* _Goal of the exercise_
Line count for the string "assms" in the records below: report that figure and nothing else.

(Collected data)
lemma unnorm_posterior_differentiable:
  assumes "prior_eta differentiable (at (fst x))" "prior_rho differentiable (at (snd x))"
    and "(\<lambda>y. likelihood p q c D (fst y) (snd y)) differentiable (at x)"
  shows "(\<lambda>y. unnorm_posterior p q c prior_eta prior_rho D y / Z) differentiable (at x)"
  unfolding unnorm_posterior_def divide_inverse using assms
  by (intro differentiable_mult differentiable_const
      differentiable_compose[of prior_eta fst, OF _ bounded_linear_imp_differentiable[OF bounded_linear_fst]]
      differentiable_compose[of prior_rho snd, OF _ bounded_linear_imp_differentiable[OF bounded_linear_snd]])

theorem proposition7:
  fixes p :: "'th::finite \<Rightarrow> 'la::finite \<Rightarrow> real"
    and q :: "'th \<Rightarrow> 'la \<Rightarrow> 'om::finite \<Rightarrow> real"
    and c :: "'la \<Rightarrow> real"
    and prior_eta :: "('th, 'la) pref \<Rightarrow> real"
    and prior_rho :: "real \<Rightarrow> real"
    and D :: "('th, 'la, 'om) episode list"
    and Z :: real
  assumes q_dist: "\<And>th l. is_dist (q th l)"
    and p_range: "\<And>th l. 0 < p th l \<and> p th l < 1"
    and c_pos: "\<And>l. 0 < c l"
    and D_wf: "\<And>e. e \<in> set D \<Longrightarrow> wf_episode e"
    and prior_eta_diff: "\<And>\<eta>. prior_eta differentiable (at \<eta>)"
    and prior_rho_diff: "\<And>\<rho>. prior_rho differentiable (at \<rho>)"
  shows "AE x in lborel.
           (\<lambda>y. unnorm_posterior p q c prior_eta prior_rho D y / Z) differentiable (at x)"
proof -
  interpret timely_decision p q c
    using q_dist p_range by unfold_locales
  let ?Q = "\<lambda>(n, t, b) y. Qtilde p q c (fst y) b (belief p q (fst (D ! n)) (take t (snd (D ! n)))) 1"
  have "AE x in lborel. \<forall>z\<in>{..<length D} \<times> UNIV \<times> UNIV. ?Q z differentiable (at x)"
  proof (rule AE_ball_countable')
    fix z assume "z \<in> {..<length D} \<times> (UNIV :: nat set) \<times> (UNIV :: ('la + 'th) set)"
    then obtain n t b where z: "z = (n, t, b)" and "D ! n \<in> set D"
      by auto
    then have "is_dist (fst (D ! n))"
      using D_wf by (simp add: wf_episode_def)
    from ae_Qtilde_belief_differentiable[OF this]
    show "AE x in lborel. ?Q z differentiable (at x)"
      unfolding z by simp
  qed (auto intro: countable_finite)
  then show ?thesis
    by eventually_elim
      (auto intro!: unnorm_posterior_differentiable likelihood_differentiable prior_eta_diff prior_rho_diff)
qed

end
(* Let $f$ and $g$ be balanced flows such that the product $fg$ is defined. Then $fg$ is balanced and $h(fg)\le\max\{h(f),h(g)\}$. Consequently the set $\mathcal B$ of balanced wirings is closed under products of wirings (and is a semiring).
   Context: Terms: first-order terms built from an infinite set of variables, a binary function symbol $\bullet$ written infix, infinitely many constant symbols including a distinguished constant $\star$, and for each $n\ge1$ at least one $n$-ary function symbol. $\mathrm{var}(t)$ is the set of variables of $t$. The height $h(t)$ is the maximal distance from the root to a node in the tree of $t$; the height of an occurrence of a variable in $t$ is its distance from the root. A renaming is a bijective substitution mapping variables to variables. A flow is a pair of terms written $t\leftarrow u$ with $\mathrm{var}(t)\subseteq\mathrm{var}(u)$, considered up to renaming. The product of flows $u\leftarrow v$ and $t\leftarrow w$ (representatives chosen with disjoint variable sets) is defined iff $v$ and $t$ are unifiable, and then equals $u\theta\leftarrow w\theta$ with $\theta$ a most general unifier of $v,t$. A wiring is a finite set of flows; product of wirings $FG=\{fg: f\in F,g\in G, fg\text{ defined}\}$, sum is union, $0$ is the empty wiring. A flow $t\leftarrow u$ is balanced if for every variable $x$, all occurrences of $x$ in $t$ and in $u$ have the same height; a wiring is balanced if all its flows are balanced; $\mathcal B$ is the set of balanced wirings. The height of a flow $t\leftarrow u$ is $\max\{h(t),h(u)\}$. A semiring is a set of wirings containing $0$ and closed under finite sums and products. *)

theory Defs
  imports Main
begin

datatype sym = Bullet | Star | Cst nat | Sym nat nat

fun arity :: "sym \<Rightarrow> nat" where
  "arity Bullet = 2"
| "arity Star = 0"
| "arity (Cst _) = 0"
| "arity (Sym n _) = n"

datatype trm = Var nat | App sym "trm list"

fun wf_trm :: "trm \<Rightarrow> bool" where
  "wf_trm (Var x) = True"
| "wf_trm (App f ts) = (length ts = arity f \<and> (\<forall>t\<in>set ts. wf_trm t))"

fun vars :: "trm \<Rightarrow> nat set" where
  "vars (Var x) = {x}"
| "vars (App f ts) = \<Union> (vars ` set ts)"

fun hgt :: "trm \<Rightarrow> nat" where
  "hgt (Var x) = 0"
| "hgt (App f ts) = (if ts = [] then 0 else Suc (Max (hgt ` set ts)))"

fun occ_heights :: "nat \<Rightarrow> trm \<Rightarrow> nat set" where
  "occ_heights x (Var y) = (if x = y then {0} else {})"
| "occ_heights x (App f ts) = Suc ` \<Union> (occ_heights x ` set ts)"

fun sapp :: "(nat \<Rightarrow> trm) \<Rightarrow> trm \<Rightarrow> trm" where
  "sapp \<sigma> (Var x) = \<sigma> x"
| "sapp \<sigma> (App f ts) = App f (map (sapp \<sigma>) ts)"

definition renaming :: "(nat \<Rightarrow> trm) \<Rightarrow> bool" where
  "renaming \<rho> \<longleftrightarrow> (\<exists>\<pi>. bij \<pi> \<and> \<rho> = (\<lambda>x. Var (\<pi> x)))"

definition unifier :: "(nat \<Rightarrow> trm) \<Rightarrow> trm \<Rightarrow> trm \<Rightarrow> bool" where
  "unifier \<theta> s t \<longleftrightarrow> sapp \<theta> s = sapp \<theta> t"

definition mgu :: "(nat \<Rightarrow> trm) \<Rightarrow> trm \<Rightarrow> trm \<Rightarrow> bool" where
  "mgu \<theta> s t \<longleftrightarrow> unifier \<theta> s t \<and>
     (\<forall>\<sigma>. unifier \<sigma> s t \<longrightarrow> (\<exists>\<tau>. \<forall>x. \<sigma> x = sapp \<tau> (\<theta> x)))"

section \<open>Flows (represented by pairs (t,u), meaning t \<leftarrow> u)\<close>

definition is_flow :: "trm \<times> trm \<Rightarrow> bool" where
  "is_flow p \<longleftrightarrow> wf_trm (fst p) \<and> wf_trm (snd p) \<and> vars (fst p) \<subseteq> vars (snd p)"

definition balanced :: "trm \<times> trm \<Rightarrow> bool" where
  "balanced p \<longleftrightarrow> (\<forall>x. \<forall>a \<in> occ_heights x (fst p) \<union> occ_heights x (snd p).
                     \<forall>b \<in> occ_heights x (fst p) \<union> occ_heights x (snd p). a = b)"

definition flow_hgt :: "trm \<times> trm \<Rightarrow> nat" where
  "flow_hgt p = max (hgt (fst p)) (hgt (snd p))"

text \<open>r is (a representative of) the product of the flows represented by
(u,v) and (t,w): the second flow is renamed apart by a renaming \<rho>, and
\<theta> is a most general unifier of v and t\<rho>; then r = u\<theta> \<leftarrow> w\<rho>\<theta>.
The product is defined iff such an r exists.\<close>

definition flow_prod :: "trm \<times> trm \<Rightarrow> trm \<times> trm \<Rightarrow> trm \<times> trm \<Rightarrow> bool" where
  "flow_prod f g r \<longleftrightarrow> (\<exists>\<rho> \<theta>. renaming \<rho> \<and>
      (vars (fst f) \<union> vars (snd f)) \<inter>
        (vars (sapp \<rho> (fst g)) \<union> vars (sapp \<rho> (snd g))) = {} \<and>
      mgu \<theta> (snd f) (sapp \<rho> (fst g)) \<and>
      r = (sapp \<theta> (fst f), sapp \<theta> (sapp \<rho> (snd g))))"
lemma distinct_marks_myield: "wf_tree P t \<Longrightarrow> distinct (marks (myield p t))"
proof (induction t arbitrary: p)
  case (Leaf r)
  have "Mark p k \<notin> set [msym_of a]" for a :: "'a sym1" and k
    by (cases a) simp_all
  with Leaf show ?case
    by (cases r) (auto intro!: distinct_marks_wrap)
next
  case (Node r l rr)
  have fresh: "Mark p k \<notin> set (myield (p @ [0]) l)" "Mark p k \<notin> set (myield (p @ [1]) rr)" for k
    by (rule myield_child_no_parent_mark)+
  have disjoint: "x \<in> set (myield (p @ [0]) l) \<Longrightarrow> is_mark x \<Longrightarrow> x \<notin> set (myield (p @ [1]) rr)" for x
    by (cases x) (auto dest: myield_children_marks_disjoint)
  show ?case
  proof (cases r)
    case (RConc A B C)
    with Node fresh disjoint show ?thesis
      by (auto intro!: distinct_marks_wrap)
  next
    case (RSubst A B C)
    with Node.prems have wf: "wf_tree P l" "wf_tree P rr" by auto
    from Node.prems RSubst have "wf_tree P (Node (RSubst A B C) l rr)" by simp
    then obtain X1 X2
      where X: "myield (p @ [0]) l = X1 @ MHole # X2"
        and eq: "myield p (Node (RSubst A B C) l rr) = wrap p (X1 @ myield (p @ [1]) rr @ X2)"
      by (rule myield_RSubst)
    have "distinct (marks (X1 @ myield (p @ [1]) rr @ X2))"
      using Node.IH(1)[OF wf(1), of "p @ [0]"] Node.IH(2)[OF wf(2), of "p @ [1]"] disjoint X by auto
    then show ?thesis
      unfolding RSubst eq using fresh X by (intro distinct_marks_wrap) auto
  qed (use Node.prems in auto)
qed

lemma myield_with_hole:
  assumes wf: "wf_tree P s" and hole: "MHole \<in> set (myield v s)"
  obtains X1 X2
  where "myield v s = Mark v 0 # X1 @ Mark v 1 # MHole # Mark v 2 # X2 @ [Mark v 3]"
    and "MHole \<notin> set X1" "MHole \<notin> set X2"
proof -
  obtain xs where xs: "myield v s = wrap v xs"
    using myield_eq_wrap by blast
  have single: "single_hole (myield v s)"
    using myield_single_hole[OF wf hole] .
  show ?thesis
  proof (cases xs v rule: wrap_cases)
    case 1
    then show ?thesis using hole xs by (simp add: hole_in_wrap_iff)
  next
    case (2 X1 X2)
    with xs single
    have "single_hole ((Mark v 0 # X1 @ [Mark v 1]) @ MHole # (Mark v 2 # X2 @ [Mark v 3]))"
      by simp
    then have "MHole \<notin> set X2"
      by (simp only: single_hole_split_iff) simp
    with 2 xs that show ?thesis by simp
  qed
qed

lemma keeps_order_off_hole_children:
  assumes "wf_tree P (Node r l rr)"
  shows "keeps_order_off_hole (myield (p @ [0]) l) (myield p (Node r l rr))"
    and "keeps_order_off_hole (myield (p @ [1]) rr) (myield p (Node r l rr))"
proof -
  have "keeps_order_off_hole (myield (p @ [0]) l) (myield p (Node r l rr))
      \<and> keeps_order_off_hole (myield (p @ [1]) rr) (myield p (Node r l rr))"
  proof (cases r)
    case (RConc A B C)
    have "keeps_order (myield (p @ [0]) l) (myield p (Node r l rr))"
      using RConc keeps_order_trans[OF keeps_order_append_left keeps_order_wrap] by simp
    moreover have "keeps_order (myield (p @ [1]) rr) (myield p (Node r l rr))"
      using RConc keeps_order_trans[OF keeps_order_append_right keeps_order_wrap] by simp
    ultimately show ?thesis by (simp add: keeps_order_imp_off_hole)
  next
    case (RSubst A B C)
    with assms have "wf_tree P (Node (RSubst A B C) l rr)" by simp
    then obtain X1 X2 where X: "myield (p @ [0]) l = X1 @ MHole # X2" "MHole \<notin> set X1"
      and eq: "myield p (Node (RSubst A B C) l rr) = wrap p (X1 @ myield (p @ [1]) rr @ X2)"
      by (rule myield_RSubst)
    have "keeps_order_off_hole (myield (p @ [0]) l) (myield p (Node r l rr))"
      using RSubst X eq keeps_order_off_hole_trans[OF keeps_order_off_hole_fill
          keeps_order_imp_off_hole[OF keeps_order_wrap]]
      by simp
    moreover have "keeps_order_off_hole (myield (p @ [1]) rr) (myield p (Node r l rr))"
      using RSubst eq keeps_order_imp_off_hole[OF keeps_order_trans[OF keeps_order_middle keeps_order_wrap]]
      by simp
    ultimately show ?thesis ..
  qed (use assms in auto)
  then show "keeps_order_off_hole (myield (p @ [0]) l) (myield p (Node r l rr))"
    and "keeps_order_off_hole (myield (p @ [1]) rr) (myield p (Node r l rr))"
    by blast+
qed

* _Answer below_
3